Mission

Independently lead or collaborate in the Grupo Santander´s investigations, bringing advanced technical DFIR skills.

Functions

• Take on the leadership role in any DFIR investigation escalated to the team.
• Perform artifact analysis and accurately construct a case narrative that can be represented in a forensic report.
• Follow the chain of custody requirements and make sure the business does so on a B.A.U basis.
• Train and mentor junior analysts as well as other team members.

Requirements

Competencies 

• Excellent command of windows and *nix forensics, in the context of both fraud/business related eDiscovery style investigations and “black box” investigations searching for compromise markers.
• Good knowledge of Android forensic review, able to coordinate the acquisition and review of relevant artifacts from Android devices. iOS knowledge is an added benefit.
• Excellent investigation skills.
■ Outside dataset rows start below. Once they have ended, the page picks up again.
(* Let $m_1,m_2,m_3>0$ with $m_1+m_2+m_3=1$, and let $$\mathcal V=\{(m_1,m_2)\in(0,1)\times(0,1):\ m_1^2m_2^2+m_1^2m_3^2+m_2^2m_3^2-2m_1m_2m_3<0\},\qquad m_3=1-m_1-m_2 .$$ Then there exists an acute triangle fixed-point configuration of the masses $m_1,m_2,m_3$ only for mass triples with $(m_1,m_2)\in\mathcal V$ (and for every such triple one exists). Furthermore, such a configuration is unique.
   Context: Three masses $m_1,m_2,m_3$ are placed on the equator of the unit sphere $\mathbb S^2$ at longitudes $\varphi_1=0$, $\varphi_2=\alpha$, $\varphi_3=\alpha+\beta$, where $(\alpha,\beta)$ lies in $\mathcal U=\{0<\alpha<\pi,\ 0<\beta<\pi,\ \pi<\alpha+\beta<2\pi\}$; then the geodesic distances are $d_{12}=\alpha$, $d_{23}=\beta$, $d_{13}=2\pi-(\alpha+\beta)$ (these three points form an acute triangle in the plane). The force function is $V=\sum_{i<j}m_im_j\cot d_{ij}$ (with $d_{ij}=\arccos(\mathbf q_i\cdot\mathbf q_j)$ the geodesic distance on $\mathbb S^2$), and a fixed point is a configuration that is a critical point of $V$ on $\{(\mathbf q_1,\mathbf q_2,\mathbf q_3)\in(\mathbb S^2)^3: d_{ij}\notin\{0,\pi\}\}$. An acute triangle fixed-point configuration is such a configuration with $(\alpha,\beta)\in\mathcal U$ that is a fixed point; uniqueness refers to uniqueness of $(\alpha,\beta)\in\mathcal U$ (configurations are normalized by $\varphi_1=0<\varphi_2<\varphi_3<2\pi$, any other being obtained from such one by an isometry). *)

theory Defs
  imports "HOL-Analysis.Analysis"
begin

definition S2 :: "(real^3) set" where
  "S2 = sphere 0 1"

definition gdist :: "real^3 \<Rightarrow> real^3 \<Rightarrow> real" where
  "gdist p q = arccos (p \<bullet> q)"

definition Vforce :: "real \<Rightarrow> real \<Rightarrow> real \<Rightarrow> real^3 \<Rightarrow> real^3 \<Rightarrow> real^3 \<Rightarrow> real" where
  "Vforce m1 m2 m3 q1 q2 q3 =
     m1 * m2 * cot (gdist q1 q2) + m1 * m3 * cot (gdist q1 q3) + m2 * m3 * cot (gdist q2 q3)"

definition admissible :: "real^3 \<Rightarrow> real^3 \<Rightarrow> real^3 \<Rightarrow> bool" where
  "admissible q1 q2 q3 \<longleftrightarrow> q1 \<in> S2 \<and> q2 \<in> S2 \<and> q3 \<in> S2 \<and>
     gdist q1 q2 \<notin> {0, pi} \<and> gdist q1 q3 \<notin> {0, pi} \<and> gdist q2 q3 \<notin> {0, pi}"

text \<open>Fixed point: critical point of V on the manifold of admissible configurations,
  i.e. the derivative of V along every differentiable curve in (S^2)^3 through the
  configuration vanishes.\<close>
definition fixed_point :: "real \<Rightarrow> real \<Rightarrow> real \<Rightarrow> real^3 \<Rightarrow> real^3 \<Rightarrow> real^3 \<Rightarrow> bool" where
  "fixed_point m1 m2 m3 q1 q2 q3 \<longleftrightarrow> admissible q1 q2 q3 \<and>
     (\<forall>g1 g2 g3 :: real \<Rightarrow> real^3.
        (\<forall>t. g1 t \<in> S2 \<and> g2 t \<in> S2 \<and> g3 t \<in> S2) \<and>
        g1 0 = q1 \<and> g2 0 = q2 \<and> g3 0 = q3 \<and>
        g1 differentiable (at 0) \<and> g2 differentiable (at 0) \<and> g3 differentiable (at 0)
        \<longrightarrow> ((\<lambda>t. Vforce m1 m2 m3 (g1 t) (g2 t) (g3 t)) has_real_derivative 0) (at 0))"

definition equator_pt :: "real \<Rightarrow> real^3" where
  "equator_pt phi = vector [cos phi, sin phi, 0]"

definition acuteU :: "(real \<times> real) set" where
  "acuteU = {(a, b). 0 < a \<and> a < pi \<and> 0 < b \<and> b < pi \<and> pi < a + b \<and> a + b < 2 * pi}"

definition acute_fixed_point :: "real \<Rightarrow> real \<Rightarrow> real \<Rightarrow> real \<Rightarrow> real \<Rightarrow> bool" where
  "acute_fixed_point m1 m2 m3 a b \<longleftrightarrow> (a, b) \<in> acuteU \<and>
     fixed_point m1 m2 m3 (equator_pt 0) (equator_pt a) (equator_pt (a + b))"
lemmas adj = long_hole_walk_adj[OF hole]
  and nonadj = long_hole_walk_nonadj[OF hole]
  and distinct_near = long_hole_walk_distinct[OF hole]
  and in_GV = long_hole_walk_in[OF hole]
  and avoids_simplicial = long_hole_walk_avoids_simplicial[OF hole]
  and avoids_cosimplicial = long_hole_walk_avoids_cosimplicial[OF hole]

lemma avoids_Rv_Uv: "w k \<noteq> Rv" "w k \<noteq> Uv"
  by (rule avoids_simplicial; auto simp: compl_adj_def GE_iff)+

lemma avoids_Tv: "w k \<noteq> Tv i"
  by (rule avoids_cosimplicial) (auto simp: compl_adj_def GE_iff)

lemma avoids_Qv: "w k \<noteq> Qv"
  apply (rule avoids_simplicial)
  subgoal for i j
    by (cases "w i"; cases "w j") (auto simp: compl_adj_def GE_iff avoids_Tv)
  done

lemma avoids_Av: "w k \<noteq> Av i"
  by (rule avoids_cosimplicial) (auto simp: compl_adj_def GE_iff avoids_Tv avoids_Rv_Uv avoids_Qv)

lemma avoids_Pv: "w k \<noteq> Pv"
  apply (rule avoids_simplicial)
  subgoal for i j
    by (cases "w i"; cases "w j") (auto simp: compl_adj_def GE_iff avoids_Tv avoids_Av)
  done

lemma literal_or_clause_vertex: "(\<exists>b j. w k = Lit b j) \<or> (\<exists>i. w k = Cv i)"
  using avoids_Rv_Uv avoids_Tv avoids_Qv avoids_Av avoids_Pv by (cases "w k") auto

lemma literal_neighbours:
  assumes k: "w k = Lit b j"
  obtains e m where "e \<in> {1, -1}" "w (k + e) = Lit (\<not> b) j" "w (k - e) = Cv m"
  using adj[of k "k + 1"] adj[of k "k - 1"] nonadj[of "k - 1" "k + 1"]
    distinct_near[of "k - 1" "k + 1"]
    literal_or_clause_vertex[of "k + 1"] literal_or_clause_vertex[of "k - 1"]
    in_GV[of k] in_GV[of "k + 1"] in_GV[of "k - 1"] k that[of 1] that[of "-1"]
  by (auto simp: compl_adj_def GE_iff)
Able to comfortably prescribe and assist acquisition, pivot off of new findings and perform impact assessment.
• Very good knowledge of AD based domains. Ability to recognize signals amongst noise in typical logs and artifacts, from both on premise and o365 environments

Tooling experience:

• Data analytics tools (pandas, elastic, spark etc..) for log analysis
• EnCase Endpoint Investigator, NUIX for forensic acquisition and review

Languages

English Advanced

Experience

Seasoned DFIR analyst with demonstrable experience in cases involving production infrastructure, and case creation in support of legal action.